◆ WHAT TO PRODUCE: From the entries below, gather every line containing the string "exists".

[DATA TO EXAMINE — start]

(* Let $M$ be an $n$-dimensional manifold and let $g(t)$, $t\in[0,T)$, be a solution of the Ricci flow $\partial_t g_{ij}=-2R_{ij}$ on $M$. Let $\xi=\xi_{i_1\dots i_p}(x,t)$ be a smooth family of $p$-forms (anti-symmetric covariant $p$-tensors) satisfying the heat equation $$\frac{\partial \xi_{i_1\dots i_p}}{\partial t}=\Delta_d\,\xi_{i_1\dots i_p},$$ where $\Delta_d$ is the Hodge–de Rham Laplacian of $g(t)$ in the form $$\Delta_d\,\xi_{i_1\dots i_p}=g^{jk}\xi_{i_1\dots i_p;j;k}-\sum_{s=1}^{p}\xi_{i_1\dots i_{s-1}a\,i_{s+1}\dots i_p}R^{a}_{\ i_s}-\sum_{1\le s<t\le p}\xi_{i_1\dots i_{s-1}a\,i_{s+1}\dots i_{t-1}b\,i_{t+1}\dots i_p}R^{ab}_{\ \ i_si_t}.$$ Then $$\frac{\partial}{\partial t}|\xi|^2=\Delta|\xi|^2-2\,\xi^{i_1\dots i_p;j}\xi_{i_1\dots i_p;j}-p(p-1)\,\xi_{ij i_1\dots i_{p-2}}R^{ij}_{\ \ kl}\,\xi^{kl i_1\dots i_{p-2}},$$ where $|\xi|^2=g^{i_1k_1}\cdots g^{i_pk_p}\xi_{i_1\dots i_p}\xi_{k_1\dots k_p}$ and $\Delta f=g^{ij}f_{;i;j}$ is the Laplacian of $g(t)$ on functions.
   Context: All quantities are computed with respect to $g(t)$; indices are raised and lowered with $g(t)$, and "$;j$" denotes covariant differentiation. Curvature conventions: $R^{l}_{\ ijk}=\partial_i\Gamma^l_{jk}-\partial_j\Gamma^l_{ik}+\Gamma^l_{im}\Gamma^m_{jk}-\Gamma^l_{jm}\Gamma^m_{ik}$, $R_{ijkl}=g_{hl}R^{h}_{\ ijk}$, $R_{jk}=R^{i}_{\ ijk}$ (Ricci tensor), $R^{a}_{\ i}=g^{ab}R_{bi}$, and $R^{ij}_{\ \ kl}=g^{ia}g^{jb}R_{abkl}$. *)

theory Defs
  imports "HOL-Analysis.Analysis"
begin
(* Let $G=(V,E)$ be a finite connected graph with arc set $A$. (a) Let $w_1:A\to\mathbb{C}$ with $\sum_{e:\,o(e)=u}|w_1(e)|^2=1$ for all $u\in V$, and let $(U_1\psi)(e)=\sum_{f:\,t(f)=o(e)}\big(2w_1(e)\overline{w_1(\bar f)}-\delta_{e,\bar f}\big)\psi(f)$ on functions $\psi:A\to\mathbb{C}$. Let $T$ be the operator on functions on $V$ given by $(Tf)(u)=\sum_{e:\,o(e)=u}w_1(e)\overline{w_1(\bar e)}f(t(e))$, and $\varphi_1(x)=(x+x^{-1})/2$. For $s\in\{1,-1\}$ put $n_s=|E|-|V|+\mathbf{1}_{\{s\in\sigma(T)\}}$. Then $\sigma(U_1)=\varphi_1^{-1}(\sigma(T))\cup\{1:n_1>0\}\cup\{-1:n_{-1}>0\}$ (i.e., $1$ is added iff $n_1>0$ and $-1$ is added iff $n_{-1}>0$). (b) Let $w_2:A\to(0,\infty)$ with $\sum_{e:\,o(e)=u}w_2(e)=1$ for all $u\in V$, and suppose there is $m_V:V\to(0,\infty)$ with $m_V(o(e))w_2(e)=m_V(t(e))w_2(\bar e)$ for all $e\in A$. Let $(U_2\psi)(e)=\sum_{f:\,t(f)=o(e)}\big(2w_2(\bar f)-\delta_{e,\bar f}\big)\psi(f)$, let $(Lf)(u)=\sum_{e:\,o(e)=u}w_2(e)f(t(e))-f(u)$, and $\varphi_2(x)=(x+x^{-1})/2-1$. Then $\sigma(U_2)=\varphi_2^{-1}(\sigma(L))$ if $G$ is a tree; $\sigma(U_2)=\varphi_2^{-1}(\sigma(L))\cup\{1\}$ if $G$ has exactly one cycle and is not bipartite; and $\sigma(U_2)=\varphi_2^{-1}(\sigma(L))\cup\{1,-1\}$ otherwise.
   Context: $A=\{(u,v):\{u,v\}\in E\}$; for $e=(u,v)$, $o(e)=u$, $t(e)=v$, $\bar e=(v,u)$. $\delta$ is the Kronecker delta, $\mathbf{1}$ an indicator, $\sigma(\cdot)$ the spectrum (set of eigenvalues), and for a function $\varphi$ and set $X$, $\varphi^{-1}(X)=\{x\in\mathbb{C}\setminus\{0\}:\varphi(x)\in X\}$. "Exactly one cycle" means $|E|=|V|$ for the connected graph $G$. *)

theory Defs
  imports "HOL-Analysis.Analysis"
begin

definition simple_graph :: "'a set \<Rightarrow> 'a set set \<Rightarrow> bool" where
  "simple_graph V E \<longleftrightarrow> finite V \<and> (\<forall>e\<in>E. e \<subseteq> V \<and> card e = 2)"

definition adj :: "'a set set \<Rightarrow> 'a \<Rightarrow> 'a \<Rightarrow> bool" where
  "adj E u v \<longleftrightarrow> {u, v} \<in> E"

definition connected_graph :: "'a set \<Rightarrow> 'a set set \<Rightarrow> bool" where
  "connected_graph V E \<longleftrightarrow> V \<noteq> {} \<and> (\<forall>u\<in>V. \<forall>v\<in>V. (adj E)\<^sup>*\<^sup>* u v)"

definition arcs :: "'a set set \<Rightarrow> ('a \<times> 'a) set" where
  "arcs E = {(u, v). {u, v} \<in> E}"

definition rev_arc :: "'a \<times> 'a \<Rightarrow> 'a \<times> 'a" where
  "rev_arc e = (snd e, fst e)"

definition has_cycle :: "'a set set \<Rightarrow> bool" where
  "has_cycle E \<longleftrightarrow> (\<exists>vs. length vs \<ge> 3 \<and> distinct vs \<and>
      (\<forall>i < length vs - 1. adj E (vs ! i) (vs ! Suc i)) \<and> adj E (last vs) (hd vs))"

definition is_tree :: "'a set \<Rightarrow> 'a set set \<Rightarrow> bool" where
  "is_tree V E \<longleftrightarrow> connected_graph V E \<and> \<not> has_cycle E"
(* Let $A\in\mathbb{C}^{n\times n}$ and let $\bar{A}$ denote its entrywise complex conjugate. Then $A$ is G-Hamiltonian if and only if $A$ is similar to $-\bar{A}$, i.e. there exists an invertible $Q\in\mathbb{C}^{n\times n}$ with $Q^{-1}AQ=-\bar{A}$.
   Context: A matrix $A\in\mathbb{C}^{n\times n}$ is called G-Hamiltonian if there exist a non-singular Hermitian matrix $G\in\mathbb{C}^{n\times n}$ and a Hermitian matrix $S\in\mathbb{C}^{n\times n}$ such that $A=iG^{-1}S$. *)

theory Defs
  imports "HOL-Analysis.Analysis"
begin

definition mat_cnj :: "complex^'n^'n \<Rightarrow> complex^'n^'n" where
  "mat_cnj A = (\<chi> i j. cnj (A $ i $ j))"

definition adjoint_mat :: "complex^'n^'n \<Rightarrow> complex^'n^'n" where
  "adjoint_mat A = transpose (mat_cnj A)"

definition hermitian_mat :: "complex^'n^'n \<Rightarrow> bool" where
  "hermitian_mat A \<longleftrightarrow> adjoint_mat A = A"

definition G_Hamiltonian :: "complex^'n^'n \<Rightarrow> bool" where
  "G_Hamiltonian A \<longleftrightarrow> (\<exists>G S. invertible G \<and> hermitian_mat G \<and> hermitian_mat S \<and>
      A = mat \<i> ** (matrix_inv G ** S))"

end

theory Submission
  imports Defs "Jordan_Normal_Form.Jordan_Normal_Form_Existence"
begin

(* If A = i G^-1 S with G, S Hermitian, then G A G^-1 = -A^H, so -A is similar to A^H, and A^H is
   similar to its transpose conj A because every complex matrix is similar to its transpose (by
   the Jordan normal form, a Jordan block being similar to its transpose via the exchange matrix).
   Conversely, a similarity X^-1 A^H X = -A means A^H X = -X A. This equation is preserved by
   taking adjoints and linear combinations, so it also holds for every a X + conj a X^H, which is
   Hermitian. Along the pencil t \<mapsto> (X + X^H)/2 + t i (X^H - X)/2 the determinant is a polynomial
   that is nonzero at t = i (where the pencil is X), hence nonzero at some real t; there the pencil
   is an invertible Hermitian G with A^H G = -G A, and S = -i G A is Hermitian. *)

(* As in Defs, mat is the scalar matrix of HOL-Analysis; Jordan_Normal_Form matrices are built
   with Matrix.mat. *)
hide_const (open) Matrix.mat
(* Let $r\ge 2$ and let $\pi$ be an $r$-homogeneous strongly log-concave distribution on $2^{[n]}$, and let $P_{\mathrm{BX},\pi}$ be the corresponding bases-exchange walk. Then the modified log-Sobolev constant satisfies $$\rho(P_{\mathrm{BX},\pi})\ge \frac{1}{r}.$$
   Context: A distribution $\pi:2^{[n]}\to\mathbb{R}_{\ge0}$ has generating polynomial $g_\pi(x)=\sum_{S\subseteq[n]}\pi(S)\prod_{i\in S}x_i$. It is $r$-homogeneous if $\pi(S)>0$ only when $|S|=r$. A polynomial $p$ with nonnegative coefficients is log-concave at $x\in\mathbb{R}^n_{\ge0}$ if the Hessian $\nabla^2\log p$ is negative semidefinite at $x$; it is strongly log-concave if for every index set $I\subseteq[n]$, $\partial_I p=\prod_{i\in I}\frac{\partial}{\partial x_i}p$ is log-concave at the all-ones vector. $\pi$ is strongly log-concave if $g_\pi$ is. Let $\Omega$ be the support of $\pi$ (its elements are called bases). The bases-exchange walk $P_{\mathrm{BX},\pi}$ on $\Omega$: from the current $B$, remove an element of $B$ chosen uniformly at random to get $S$, then move to a basis $B'\in\Omega$ with $B'\supset S$ with probability proportional to $\pi(B')$. For a reversible Markov chain $P$ on a finite set $\Omega$ with stationary distribution $\pi$, the Dirichlet form is $\mathcal{E}_P(f,g)=\sum_{x,y\in\Omega}\pi(x)f(x)[I-P](x,y)g(y)$, the entropy of $f:\Omega\to\mathbb{R}_{\ge0}$ is $\mathrm{Ent}_\pi(f)=\mathbb{E}_\pi(f\log f)-\mathbb{E}_\pi f\log\mathbb{E}_\pi f$ (with $0\log0=0$, natural log), and the modified log-Sobolev constant is $\rho(P)=\inf\{\mathcal{E}_P(f,\log f)/\mathrm{Ent}_\pi(f): f:\Omega\to\mathbb{R}_{\ge0},\ \mathrm{Ent}_\pi(f)\ne0\}$. *)

theory Defs
  imports "HOL-Analysis.Analysis"
begin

[DATA TO EXAMINE — finish]

◆ RESULT OF THIS TASK:
  "has_cycle E \<longleftrightarrow> (\<exists>vs. length vs \<ge> 3 \<and> distinct vs \<and>
(* Let $A\in\mathbb{C}^{n\times n}$ and let $\bar{A}$ denote its entrywise complex conjugate. Then $A$ is G-Hamiltonian if and only if $A$ is similar to $-\bar{A}$, i.e. there exists an invertible $Q\in\mathbb{C}^{n\times n}$ with $Q^{-1}AQ=-\bar{A}$.
  "G_Hamiltonian A \<longleftrightarrow> (\<exists>G S. invertible G \<and> hermitian_mat G \<and> hermitian_mat S \<and>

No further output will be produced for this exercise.